Exercise requirements:
Reading the data below, count the lines that carry the string "where". Give nothing but the count.

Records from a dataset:
*** Begin section ***

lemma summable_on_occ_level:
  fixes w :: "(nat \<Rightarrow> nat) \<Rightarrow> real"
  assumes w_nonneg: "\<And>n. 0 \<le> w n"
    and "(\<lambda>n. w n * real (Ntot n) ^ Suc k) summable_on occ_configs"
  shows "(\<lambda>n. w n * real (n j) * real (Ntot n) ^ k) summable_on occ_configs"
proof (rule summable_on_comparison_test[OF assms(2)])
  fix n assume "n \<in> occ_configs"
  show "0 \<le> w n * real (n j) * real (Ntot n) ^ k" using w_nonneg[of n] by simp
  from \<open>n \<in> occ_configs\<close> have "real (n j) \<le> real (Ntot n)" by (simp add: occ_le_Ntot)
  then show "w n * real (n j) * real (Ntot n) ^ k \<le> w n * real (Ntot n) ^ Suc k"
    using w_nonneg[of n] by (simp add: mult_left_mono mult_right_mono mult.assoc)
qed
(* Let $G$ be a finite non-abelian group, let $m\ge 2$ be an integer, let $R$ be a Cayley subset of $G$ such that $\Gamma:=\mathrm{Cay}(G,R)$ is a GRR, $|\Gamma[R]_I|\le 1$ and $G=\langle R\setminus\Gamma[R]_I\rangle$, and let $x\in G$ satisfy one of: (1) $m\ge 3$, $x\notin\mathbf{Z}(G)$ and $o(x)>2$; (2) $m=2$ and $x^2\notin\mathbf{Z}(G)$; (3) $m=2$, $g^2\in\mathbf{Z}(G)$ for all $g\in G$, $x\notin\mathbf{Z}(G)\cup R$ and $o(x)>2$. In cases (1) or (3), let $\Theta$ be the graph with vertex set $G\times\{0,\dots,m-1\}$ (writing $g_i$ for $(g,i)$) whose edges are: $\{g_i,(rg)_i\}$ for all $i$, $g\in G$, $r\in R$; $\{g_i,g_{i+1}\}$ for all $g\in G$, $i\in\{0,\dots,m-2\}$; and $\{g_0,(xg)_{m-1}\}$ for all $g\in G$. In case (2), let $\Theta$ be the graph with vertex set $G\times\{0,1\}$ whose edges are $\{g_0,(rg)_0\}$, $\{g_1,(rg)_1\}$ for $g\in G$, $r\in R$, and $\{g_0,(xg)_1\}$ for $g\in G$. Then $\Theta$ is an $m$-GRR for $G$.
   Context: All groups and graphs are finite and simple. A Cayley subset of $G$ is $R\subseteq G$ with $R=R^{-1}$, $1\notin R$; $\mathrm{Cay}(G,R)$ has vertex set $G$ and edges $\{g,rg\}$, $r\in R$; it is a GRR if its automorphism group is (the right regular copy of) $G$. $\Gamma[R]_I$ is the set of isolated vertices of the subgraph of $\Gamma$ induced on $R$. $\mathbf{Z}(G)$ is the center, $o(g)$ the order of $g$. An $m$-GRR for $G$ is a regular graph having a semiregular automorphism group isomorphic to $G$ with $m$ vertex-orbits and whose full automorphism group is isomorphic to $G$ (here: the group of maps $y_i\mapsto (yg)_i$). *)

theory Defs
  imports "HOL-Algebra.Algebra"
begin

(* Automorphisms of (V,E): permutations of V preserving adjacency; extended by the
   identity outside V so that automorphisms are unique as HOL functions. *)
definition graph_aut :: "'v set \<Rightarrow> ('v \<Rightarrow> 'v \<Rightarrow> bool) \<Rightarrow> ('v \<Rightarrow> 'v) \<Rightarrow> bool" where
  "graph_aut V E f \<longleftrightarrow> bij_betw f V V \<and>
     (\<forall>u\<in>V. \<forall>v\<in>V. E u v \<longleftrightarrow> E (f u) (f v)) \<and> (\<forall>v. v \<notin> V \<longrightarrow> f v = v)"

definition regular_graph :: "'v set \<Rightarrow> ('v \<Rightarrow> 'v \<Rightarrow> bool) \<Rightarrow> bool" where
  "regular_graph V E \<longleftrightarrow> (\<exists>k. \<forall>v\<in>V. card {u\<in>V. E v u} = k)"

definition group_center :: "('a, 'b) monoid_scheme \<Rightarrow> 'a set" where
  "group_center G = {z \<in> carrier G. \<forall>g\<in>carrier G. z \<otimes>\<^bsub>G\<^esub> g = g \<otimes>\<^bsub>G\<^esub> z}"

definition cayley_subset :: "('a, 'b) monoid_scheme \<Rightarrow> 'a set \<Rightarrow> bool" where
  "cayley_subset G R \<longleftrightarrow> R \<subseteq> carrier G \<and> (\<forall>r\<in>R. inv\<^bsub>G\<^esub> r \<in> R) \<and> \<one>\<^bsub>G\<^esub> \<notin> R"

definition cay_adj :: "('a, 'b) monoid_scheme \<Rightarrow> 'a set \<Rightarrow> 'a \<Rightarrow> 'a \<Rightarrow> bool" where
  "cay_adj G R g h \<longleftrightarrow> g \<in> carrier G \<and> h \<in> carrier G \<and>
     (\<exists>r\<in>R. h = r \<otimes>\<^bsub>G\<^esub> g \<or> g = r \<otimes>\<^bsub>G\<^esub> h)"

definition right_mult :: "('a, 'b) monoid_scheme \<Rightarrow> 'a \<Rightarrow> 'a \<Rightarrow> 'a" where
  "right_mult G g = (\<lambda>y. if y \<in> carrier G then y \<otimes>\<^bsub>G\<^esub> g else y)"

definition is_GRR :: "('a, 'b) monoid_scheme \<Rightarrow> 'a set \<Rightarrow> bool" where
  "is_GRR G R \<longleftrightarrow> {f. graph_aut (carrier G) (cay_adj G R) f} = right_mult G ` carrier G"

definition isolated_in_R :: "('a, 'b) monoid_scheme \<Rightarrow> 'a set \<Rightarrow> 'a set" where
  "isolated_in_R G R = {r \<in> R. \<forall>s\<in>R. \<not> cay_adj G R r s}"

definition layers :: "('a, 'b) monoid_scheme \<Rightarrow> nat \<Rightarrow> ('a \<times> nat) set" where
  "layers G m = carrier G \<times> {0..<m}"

*** End section ***

Result for this task:
9